As I sat on the rattling car, I gripped the little piece of paper that said: “A and R Studios, 799 7th Avenue, 52nd Street, 7th floor. See Tony in the main office.” I kept staring at it over and over again, holding it so tightly my hand hurt. I was afraid that if I loosened my grip or stopped looking it would fly onto the tracks, I would forget where I was going, and my one and only chance for stardom and an escape from Brooklyn would be gone forever.
As much as I wanted to go, I was equally terrified to get there. With each stop, my chest vibrated more heavily, in sync with the rumble of the subway car as it descended from its elevated track and blew into the black tunnel that would take me into Manhattan.

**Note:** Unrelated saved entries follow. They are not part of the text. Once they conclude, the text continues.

text \<open>\<open>Z_{n+1}\<close> as a function of \<open>(\<xi>_n,R_n,\<xi>_{n+1},R_{n+1})\<close>.\<close>
definition Zinc :: "('e::finite \<Rightarrow> 'e \<Rightarrow> real) \<Rightarrow> ('e \<Rightarrow> real^'d \<Rightarrow> real^'d \<Rightarrow> real)
    \<Rightarrow> nat \<Rightarrow> 'e \<Rightarrow> real^'d \<Rightarrow> 'e \<Rightarrow> real^'d \<Rightarrow> real^'d" where
  "Zinc P p m x r x' r' =
     r' + vfun P p x' ((1 / real m) *\<^sub>R r')
     - (r + vfun P p x ((1 / real m) *\<^sub>R r)
          + (hdrift p x ((1 / real m) *\<^sub>R r) - gdrift p x ((1 / real m) *\<^sub>R r))
          + cm P p m x ((1 / real m) *\<^sub>R r))"

end

theory Submission
  imports Defs
begin

text \<open>The corrector \<open>v = \<Sum>\<^sub>n P\<^sup>n g\<close> solves the Poisson equation \<open>P v = v - g\<close> of the
  environment chain. Its series converges geometrically, uniformly in \<open>y\<close> and together with
  the Lipschitz constants, because \<open>g\<close> is \<open>\<mu>\<close>-centred and, by Doeblin's argument, \<open>P\<^sup>n\<close>
  converges to \<open>\<mu>\<close> geometrically fast for an irreducible aperiodic chain. Hence \<open>v - g\<close> is
  Lipschitz, which gives \<open>|c\<^sup>(\<^sup>m\<^sup>)| \<le> C/m\<close>. Given \<open>F\<^sub>n\<close>, the next state is \<open>(k, R\<^sub>n + u)\<close> with
  probability \<open>P(\<xi>\<^sub>n, k) q(\<xi>\<^sub>n, R\<^sub>n/m, u)\<close>; averaging over \<open>k\<close> replaces \<open>v\<close> by \<open>P v = v - g\<close>,
  averaging over \<open>u\<close> produces \<open>h\<close> and \<open>c\<^sup>(\<^sup>m\<^sup>)\<close>, so \<open>Z\<^sub>n\<^sub>+\<^sub>1\<close> has conditional mean zero.\<close>

lemma matpow_nonneg: "stochastic P \<Longrightarrow> 0 \<le> matpow P n i j"
  by (induction n arbitrary: j) (auto simp: stochastic_def intro!: sum_nonneg)

lemma matpow_row_sum: "stochastic P \<Longrightarrow> (\<Sum>j\<in>UNIV. matpow P n i j) = 1"
proof (induction n)
  case (Suc n)
  have "(\<Sum>j\<in>UNIV. matpow P (Suc n) i j) = (\<Sum>k\<in>UNIV. matpow P n i k * (\<Sum>j\<in>UNIV. P k j))"
    by (simp add: sum_distrib_left) (rule sum.swap)
  also have "\<dots> = 1" using Suc by (simp add: stochastic_def)
  finally show ?case .
qed simp

lemma matpow_le_one: "stochastic P \<Longrightarrow> matpow P n i j \<le> 1"
  using member_le_sum[of j UNIV "matpow P n i"] matpow_nonneg[of P n i] matpow_row_sum[of P n i]
  by simp

lemma matpow_add: "matpow P (a + b) i j = (\<Sum>k\<in>UNIV. matpow P a i k * matpow P b k j)"
proof (induction b arbitrary: j)
  case 0
  have "(\<Sum>k\<in>UNIV. matpow P a i k * matpow P 0 k j) = (\<Sum>k\<in>UNIV. if k = j then matpow P a i k else 0)"
    by (intro sum.cong) auto
  then show ?case by simp
next
  case (Suc b)
  have "matpow P (a + Suc b) i j = (\<Sum>l\<in>UNIV. \<Sum>k\<in>UNIV. matpow P a i k * matpow P b k l * P l j)"
    by (simp add: Suc sum_distrib_right)
  also have "\<dots> = (\<Sum>k\<in>UNIV. matpow P a i k * matpow P (Suc b) k j)"
    by (subst sum.swap) (simp add: sum_distrib_left mult.assoc)
  finally show ?case .
qed

lemma matpow_1 [simp]: "matpow P 1 i j = P i j"
proof -
  have "matpow P 1 i j = (\<Sum>k\<in>UNIV. if i = k then P k j else 0)"
    by (simp add: if_distrib[where f = "\<lambda>x. x * _"] cong: if_cong)
  then show ?thesis by simp
qed

lemma matpow_Suc_left: "matpow P (Suc n) i j = (\<Sum>k\<in>UNIV. P i k * matpow P n k j)"
proof -
  have "matpow P (1 + n) i j = (\<Sum>k\<in>UNIV. matpow P 1 i k * matpow P n k j)"
    by (rule matpow_add)
  then show ?thesis by (simp only: matpow_1 plus_1_eq_Suc)
qed

lemma matpow_add_ge:
  "stochastic P \<Longrightarrow> matpow P a i k * matpow P b k j \<le> matpow P (a + b) i j"
  unfolding matpow_add
  by (rule member_le_sum[where f = "\<lambda>k. matpow P a i k * matpow P b k j"]) (auto simp: matpow_nonneg)

lemma invariant_prob_matpow:
  "invariant_prob P \<mu> \<Longrightarrow> (\<Sum>i\<in>UNIV. \<mu> i * matpow P n i j) = \<mu> j"
proof (induction n arbitrary: j)
  case 0
  have "(\<Sum>i\<in>UNIV. \<mu> i * matpow P 0 i j) = (\<Sum>i\<in>UNIV. if i = j then \<mu> i else 0)"
    by (intro sum.cong) auto
  then show ?case by simp
next
  case (Suc n)
  have "(\<Sum>i\<in>UNIV. \<mu> i * matpow P (Suc n) i j) = (\<Sum>k\<in>UNIV. (\<Sum>i\<in>UNIV. \<mu> i * matpow P n i k) * P k j)"
    by (simp add: sum_distrib_left sum_distrib_right mult.assoc) (rule sum.swap)
  also have "\<dots> = \<mu> j" using Suc by (simp add: invariant_prob_def)
  finally show ?case .
qed

section \<open>Eventual positivity of aperiodic chains\<close>

lemma additive_set_progression:
  fixes S :: "nat set"
  assumes add: "\<And>a b. a \<in> S \<Longrightarrow> b \<in> S \<Longrightarrow> a + b \<in> S"
    and b: "b \<in> S" "b + d \<in> S" and "1 \<le> k" "j \<le> k"
  shows "k * b + j * d \<in> S"
  using assms(4,5)
proof (induction k arbitrary: j rule: dec_induct)
  case base
  then consider "j = 0" | "j = 1" by linarith
  then show ?case by cases (use b in auto)
next
  case (step k)
  show ?case
  proof (cases j)
    case 0
    have "k * b + b \<in> S" using step.IH[of 0] add[OF _ b(1)] by simp
    with 0 show ?thesis by (simp add: algebra_simps)
  next
    case (Suc j')
    with step.prems have "j' \<le> k" by simp
    from add[OF step.IH[OF this] b(2)] Suc show ?thesis by (simp add: algebra_simps)
  qed
qed

text \<open>The least positive gap \<open>d\<close> between two elements of \<open>S\<close> divides every element:
  otherwise, for large \<open>k\<close>, the elements \<open>k b + q d\<close> and \<open>k b + x = k b + q d + r\<close>
  would have the smaller gap \<open>r = x mod d\<close>.\<close>
lemma additive_set_consecutive:
  fixes S :: "nat set"
  assumes add: "\<And>a b. a \<in> S \<Longrightarrow> b \<in> S \<Longrightarrow> a + b \<in> S"
    and pos: "\<And>a. a \<in> S \<Longrightarrow> 0 < a" and gcd: "Gcd S = 1"
  shows "\<exists>b. b \<in> S \<and> b + 1 \<in> S"
proof -
  define D where "D = {d::nat. 0 < d \<and> (\<exists>b. b \<in> S \<and> b + d \<in> S)}"
  obtain s where s: "s \<in> S" using gcd by fastforce
  have "s \<in> D" unfolding D_def using s pos[OF s] add[OF s s] by auto
  define d where "d = (LEAST d. d \<in> D)"
  have "d \<in> D" unfolding d_def by (rule LeastI) fact
  then obtain b where b: "b \<in> S" "b + d \<in> S" and d_pos: "0 < d" unfolding D_def by auto
  have d_min: "\<And>e. e \<in> D \<Longrightarrow> d \<le> e" unfolding d_def by (rule Least_le)
  have "d dvd x" if x: "x \<in> S" for x
  proof (rule ccontr)
    assume "\<not> d dvd x"
    then have r: "0 < x mod d" "x mod d < d" using d_pos by (auto simp: dvd_eq_mod_eq_0)
    define k where "k = x + 1"
    have "k * b + (x div d) * d \<in> S"
      by (rule additive_set_progression[OF add b]) (auto simp: k_def intro: le_SucI div_le_dividend)
    moreover have "k * b + 0 * d \<in> S"
      by (rule additive_set_progression[OF add b]) (auto simp: k_def)
    from add[OF this x] have "k * b + (x div d) * d + x mod d \<in> S" by (simp add: algebra_simps)
    ultimately have "x mod d \<in> D" unfolding D_def using r by blast
    with d_min r show False by fastforce
  qed
  then have "d = 1" using gcd Gcd_greatest[of S d] by simp
  with b show ?thesis by blast
qed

I got off at the 47th -50th Street Subway stop in midtown. I followed the grid of New York’s streets to find my way to 52nd Street and 7th Avenue, zipping my sinewy, amped-up Jewish kid’s body between the worker bees on 6th Avenue, winning a race that only existed in my mind.
I stood in front of 799 and saw the metal plaque that read, “A and R Recording.” I was in the right place. My legs started to ache, and I was breathing a little fast. This was my big chance. Would I fuck it up?
Getting to the studio was made all the harder by the crush of teenagers in the front lobby. The first six floors of 799 7th Avenue were home to Manhattan Community College. I stood amongst the throng watching the numbers light up above the elevator doors. The elevators stopped at every floor, and seemed to stay at each forever. With every passing aeon the lobby got more packed. By the time the elevator arrived, I had to hurtle myself into a car with so many African-American and Hispanic students I was sure we’d never survive the climb up the seven stories. I plunged my arm through a passel of torsos to get to the buttons. 2 through 6 were lit. I was the only one who pushed the number “7.”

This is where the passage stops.